● **Exercise inputs**
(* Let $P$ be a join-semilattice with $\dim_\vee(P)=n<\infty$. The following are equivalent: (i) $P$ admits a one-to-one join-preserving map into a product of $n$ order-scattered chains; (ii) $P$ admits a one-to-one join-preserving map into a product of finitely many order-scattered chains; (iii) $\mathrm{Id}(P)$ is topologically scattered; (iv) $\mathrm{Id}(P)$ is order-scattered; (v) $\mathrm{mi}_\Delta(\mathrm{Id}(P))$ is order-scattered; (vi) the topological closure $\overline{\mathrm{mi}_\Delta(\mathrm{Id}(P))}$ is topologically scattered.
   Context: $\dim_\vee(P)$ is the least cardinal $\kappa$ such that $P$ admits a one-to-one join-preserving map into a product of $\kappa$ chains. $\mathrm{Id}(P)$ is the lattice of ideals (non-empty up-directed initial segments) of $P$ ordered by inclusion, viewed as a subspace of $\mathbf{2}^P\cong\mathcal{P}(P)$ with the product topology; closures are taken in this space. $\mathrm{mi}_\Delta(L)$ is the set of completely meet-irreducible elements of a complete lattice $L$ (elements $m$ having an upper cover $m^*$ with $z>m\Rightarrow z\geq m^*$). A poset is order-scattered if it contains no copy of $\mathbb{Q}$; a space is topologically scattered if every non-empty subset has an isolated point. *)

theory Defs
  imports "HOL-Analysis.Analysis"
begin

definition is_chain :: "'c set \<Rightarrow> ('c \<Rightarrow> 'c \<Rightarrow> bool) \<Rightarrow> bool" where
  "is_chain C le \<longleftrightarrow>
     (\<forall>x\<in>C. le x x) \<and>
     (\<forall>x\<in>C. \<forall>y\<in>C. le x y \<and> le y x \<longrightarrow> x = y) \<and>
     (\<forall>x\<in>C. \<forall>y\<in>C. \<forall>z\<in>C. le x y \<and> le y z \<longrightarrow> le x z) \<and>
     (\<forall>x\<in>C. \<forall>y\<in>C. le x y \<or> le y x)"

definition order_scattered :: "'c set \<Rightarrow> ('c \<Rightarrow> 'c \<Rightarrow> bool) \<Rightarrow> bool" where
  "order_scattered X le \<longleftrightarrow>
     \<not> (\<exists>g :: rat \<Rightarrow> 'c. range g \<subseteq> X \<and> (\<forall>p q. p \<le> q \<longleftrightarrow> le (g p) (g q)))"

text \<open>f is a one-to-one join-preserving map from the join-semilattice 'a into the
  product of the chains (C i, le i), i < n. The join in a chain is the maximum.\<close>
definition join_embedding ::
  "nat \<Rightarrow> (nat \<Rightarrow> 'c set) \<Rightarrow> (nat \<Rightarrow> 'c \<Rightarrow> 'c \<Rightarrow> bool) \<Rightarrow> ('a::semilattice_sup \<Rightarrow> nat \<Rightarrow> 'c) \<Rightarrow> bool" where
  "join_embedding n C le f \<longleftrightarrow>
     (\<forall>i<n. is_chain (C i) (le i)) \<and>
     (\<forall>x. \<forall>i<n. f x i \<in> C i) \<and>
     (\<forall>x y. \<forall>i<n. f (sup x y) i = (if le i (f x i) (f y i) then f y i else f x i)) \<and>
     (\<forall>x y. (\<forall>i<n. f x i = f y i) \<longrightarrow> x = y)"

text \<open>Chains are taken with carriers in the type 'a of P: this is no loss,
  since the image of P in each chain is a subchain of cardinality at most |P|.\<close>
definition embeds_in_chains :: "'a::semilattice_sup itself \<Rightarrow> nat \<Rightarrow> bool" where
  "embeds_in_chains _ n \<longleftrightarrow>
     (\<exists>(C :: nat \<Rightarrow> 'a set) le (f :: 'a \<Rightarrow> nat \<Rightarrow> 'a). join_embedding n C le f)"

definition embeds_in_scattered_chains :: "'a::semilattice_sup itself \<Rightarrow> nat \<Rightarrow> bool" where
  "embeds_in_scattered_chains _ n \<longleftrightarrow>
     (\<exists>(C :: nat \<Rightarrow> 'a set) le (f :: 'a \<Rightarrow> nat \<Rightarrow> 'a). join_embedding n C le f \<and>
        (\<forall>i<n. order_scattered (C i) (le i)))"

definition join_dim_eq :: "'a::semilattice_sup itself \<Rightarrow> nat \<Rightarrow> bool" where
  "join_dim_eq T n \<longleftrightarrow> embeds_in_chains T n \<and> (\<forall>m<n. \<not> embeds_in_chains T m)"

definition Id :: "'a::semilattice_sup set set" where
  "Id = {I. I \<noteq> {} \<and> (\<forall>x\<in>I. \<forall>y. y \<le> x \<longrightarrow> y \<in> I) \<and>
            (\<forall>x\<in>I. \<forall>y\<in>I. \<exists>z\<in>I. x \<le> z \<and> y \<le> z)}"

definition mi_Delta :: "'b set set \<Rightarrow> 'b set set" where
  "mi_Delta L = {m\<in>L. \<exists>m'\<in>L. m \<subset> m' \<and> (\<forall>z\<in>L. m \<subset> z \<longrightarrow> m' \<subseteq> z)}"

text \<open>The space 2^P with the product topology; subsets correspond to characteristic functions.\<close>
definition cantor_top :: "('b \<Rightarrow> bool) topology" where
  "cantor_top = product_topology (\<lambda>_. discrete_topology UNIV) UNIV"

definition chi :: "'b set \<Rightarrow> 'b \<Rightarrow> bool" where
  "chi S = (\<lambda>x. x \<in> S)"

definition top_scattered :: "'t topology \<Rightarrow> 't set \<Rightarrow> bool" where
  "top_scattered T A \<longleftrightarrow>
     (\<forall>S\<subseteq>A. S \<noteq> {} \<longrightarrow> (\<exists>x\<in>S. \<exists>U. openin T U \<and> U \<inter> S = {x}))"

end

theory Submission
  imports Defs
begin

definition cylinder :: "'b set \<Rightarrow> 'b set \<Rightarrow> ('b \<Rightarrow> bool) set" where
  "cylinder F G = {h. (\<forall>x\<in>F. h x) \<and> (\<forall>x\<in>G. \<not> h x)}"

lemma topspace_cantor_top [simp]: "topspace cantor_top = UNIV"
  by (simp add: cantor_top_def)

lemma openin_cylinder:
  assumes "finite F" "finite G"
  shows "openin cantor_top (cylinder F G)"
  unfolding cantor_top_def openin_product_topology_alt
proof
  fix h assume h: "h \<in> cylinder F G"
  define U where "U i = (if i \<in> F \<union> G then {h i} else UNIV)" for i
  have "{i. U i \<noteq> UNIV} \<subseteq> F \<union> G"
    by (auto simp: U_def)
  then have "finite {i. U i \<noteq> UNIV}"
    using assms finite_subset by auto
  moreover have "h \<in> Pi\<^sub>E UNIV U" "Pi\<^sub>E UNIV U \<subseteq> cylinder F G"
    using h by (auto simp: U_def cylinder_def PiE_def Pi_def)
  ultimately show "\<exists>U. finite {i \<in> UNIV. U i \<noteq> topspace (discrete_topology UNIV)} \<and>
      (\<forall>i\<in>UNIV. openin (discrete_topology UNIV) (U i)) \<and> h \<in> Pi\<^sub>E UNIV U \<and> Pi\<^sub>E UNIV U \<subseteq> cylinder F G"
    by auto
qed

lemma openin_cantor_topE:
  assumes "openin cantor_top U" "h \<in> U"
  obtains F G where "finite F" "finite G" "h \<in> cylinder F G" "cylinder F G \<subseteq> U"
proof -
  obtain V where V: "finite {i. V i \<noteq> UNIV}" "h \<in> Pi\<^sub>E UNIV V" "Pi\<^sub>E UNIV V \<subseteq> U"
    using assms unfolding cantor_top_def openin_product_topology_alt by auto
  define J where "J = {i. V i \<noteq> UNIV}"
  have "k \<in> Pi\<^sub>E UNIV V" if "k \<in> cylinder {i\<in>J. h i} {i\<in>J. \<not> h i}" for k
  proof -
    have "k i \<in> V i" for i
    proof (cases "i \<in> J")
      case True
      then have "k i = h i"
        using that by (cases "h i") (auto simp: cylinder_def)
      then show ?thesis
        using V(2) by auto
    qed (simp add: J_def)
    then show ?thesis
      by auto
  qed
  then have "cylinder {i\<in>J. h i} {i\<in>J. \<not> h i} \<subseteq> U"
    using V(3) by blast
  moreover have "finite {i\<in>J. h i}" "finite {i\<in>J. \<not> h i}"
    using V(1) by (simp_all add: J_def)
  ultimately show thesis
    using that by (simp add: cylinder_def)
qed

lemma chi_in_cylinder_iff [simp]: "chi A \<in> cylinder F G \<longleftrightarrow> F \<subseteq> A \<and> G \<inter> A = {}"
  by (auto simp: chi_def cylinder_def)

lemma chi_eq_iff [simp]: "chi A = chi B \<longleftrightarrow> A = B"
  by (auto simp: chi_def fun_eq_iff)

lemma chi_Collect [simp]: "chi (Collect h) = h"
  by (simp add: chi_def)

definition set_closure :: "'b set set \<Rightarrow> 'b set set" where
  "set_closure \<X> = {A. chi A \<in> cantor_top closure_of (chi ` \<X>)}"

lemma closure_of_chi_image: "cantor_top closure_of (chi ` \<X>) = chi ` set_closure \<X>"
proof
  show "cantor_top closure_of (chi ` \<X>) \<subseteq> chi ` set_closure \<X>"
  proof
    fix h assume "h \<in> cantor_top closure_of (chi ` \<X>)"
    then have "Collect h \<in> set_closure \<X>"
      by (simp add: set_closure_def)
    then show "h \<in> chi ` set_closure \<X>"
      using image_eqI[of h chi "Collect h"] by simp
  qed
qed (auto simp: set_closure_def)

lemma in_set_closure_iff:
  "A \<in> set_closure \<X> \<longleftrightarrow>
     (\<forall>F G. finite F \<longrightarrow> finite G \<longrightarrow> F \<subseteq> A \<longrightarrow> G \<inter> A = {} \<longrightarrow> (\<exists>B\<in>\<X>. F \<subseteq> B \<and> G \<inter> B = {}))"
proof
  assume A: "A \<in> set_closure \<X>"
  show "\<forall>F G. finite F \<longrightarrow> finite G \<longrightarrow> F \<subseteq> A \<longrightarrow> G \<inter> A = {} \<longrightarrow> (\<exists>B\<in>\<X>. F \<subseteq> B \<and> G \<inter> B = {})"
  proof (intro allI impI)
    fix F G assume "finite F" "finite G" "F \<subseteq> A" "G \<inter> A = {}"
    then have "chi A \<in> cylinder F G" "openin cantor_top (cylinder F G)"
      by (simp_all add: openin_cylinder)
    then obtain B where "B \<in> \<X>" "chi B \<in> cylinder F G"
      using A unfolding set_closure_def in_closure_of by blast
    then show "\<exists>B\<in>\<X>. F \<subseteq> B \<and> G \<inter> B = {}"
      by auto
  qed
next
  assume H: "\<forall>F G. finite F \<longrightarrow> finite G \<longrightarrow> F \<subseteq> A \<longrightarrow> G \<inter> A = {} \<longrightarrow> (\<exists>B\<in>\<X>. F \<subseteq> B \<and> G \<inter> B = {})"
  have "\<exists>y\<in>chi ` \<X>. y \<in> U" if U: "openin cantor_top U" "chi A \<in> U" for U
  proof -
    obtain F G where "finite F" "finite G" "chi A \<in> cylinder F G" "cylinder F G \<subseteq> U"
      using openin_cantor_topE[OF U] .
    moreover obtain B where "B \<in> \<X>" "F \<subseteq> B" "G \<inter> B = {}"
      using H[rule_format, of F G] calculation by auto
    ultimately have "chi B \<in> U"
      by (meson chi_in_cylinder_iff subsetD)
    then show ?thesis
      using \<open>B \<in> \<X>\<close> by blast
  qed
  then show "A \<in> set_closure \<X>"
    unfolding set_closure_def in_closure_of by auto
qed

* * *

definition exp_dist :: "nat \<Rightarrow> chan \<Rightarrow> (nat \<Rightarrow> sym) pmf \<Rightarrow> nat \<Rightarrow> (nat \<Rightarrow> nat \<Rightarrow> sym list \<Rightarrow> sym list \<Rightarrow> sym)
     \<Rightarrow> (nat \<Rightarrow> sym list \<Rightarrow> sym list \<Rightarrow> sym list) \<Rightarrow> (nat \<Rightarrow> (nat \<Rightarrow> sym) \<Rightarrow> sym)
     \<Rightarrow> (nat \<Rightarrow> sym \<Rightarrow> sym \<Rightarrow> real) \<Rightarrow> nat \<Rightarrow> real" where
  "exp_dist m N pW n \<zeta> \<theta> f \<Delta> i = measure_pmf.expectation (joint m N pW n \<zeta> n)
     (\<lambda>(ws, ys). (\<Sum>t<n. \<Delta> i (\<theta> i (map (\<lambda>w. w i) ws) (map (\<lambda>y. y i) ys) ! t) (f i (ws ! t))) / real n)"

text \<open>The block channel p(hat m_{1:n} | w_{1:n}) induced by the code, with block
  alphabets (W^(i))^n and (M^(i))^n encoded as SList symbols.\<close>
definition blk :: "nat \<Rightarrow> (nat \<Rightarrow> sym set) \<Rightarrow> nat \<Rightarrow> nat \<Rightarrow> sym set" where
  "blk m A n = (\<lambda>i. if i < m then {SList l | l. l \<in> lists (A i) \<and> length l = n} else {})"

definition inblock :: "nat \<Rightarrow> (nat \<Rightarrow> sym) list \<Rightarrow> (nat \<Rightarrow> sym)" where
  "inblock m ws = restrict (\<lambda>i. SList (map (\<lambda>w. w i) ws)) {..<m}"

● **What to work on**
Check all the records above and select each line where the string "inblock" is found.

● **Your response**
definition inblock :: "nat \<Rightarrow> (nat \<Rightarrow> sym) list \<Rightarrow> (nat \<Rightarrow> sym)" where
  "inblock m ws = restrict (\<lambda>i. SList (map (\<lambda>w. w i) ws)) {..<m}"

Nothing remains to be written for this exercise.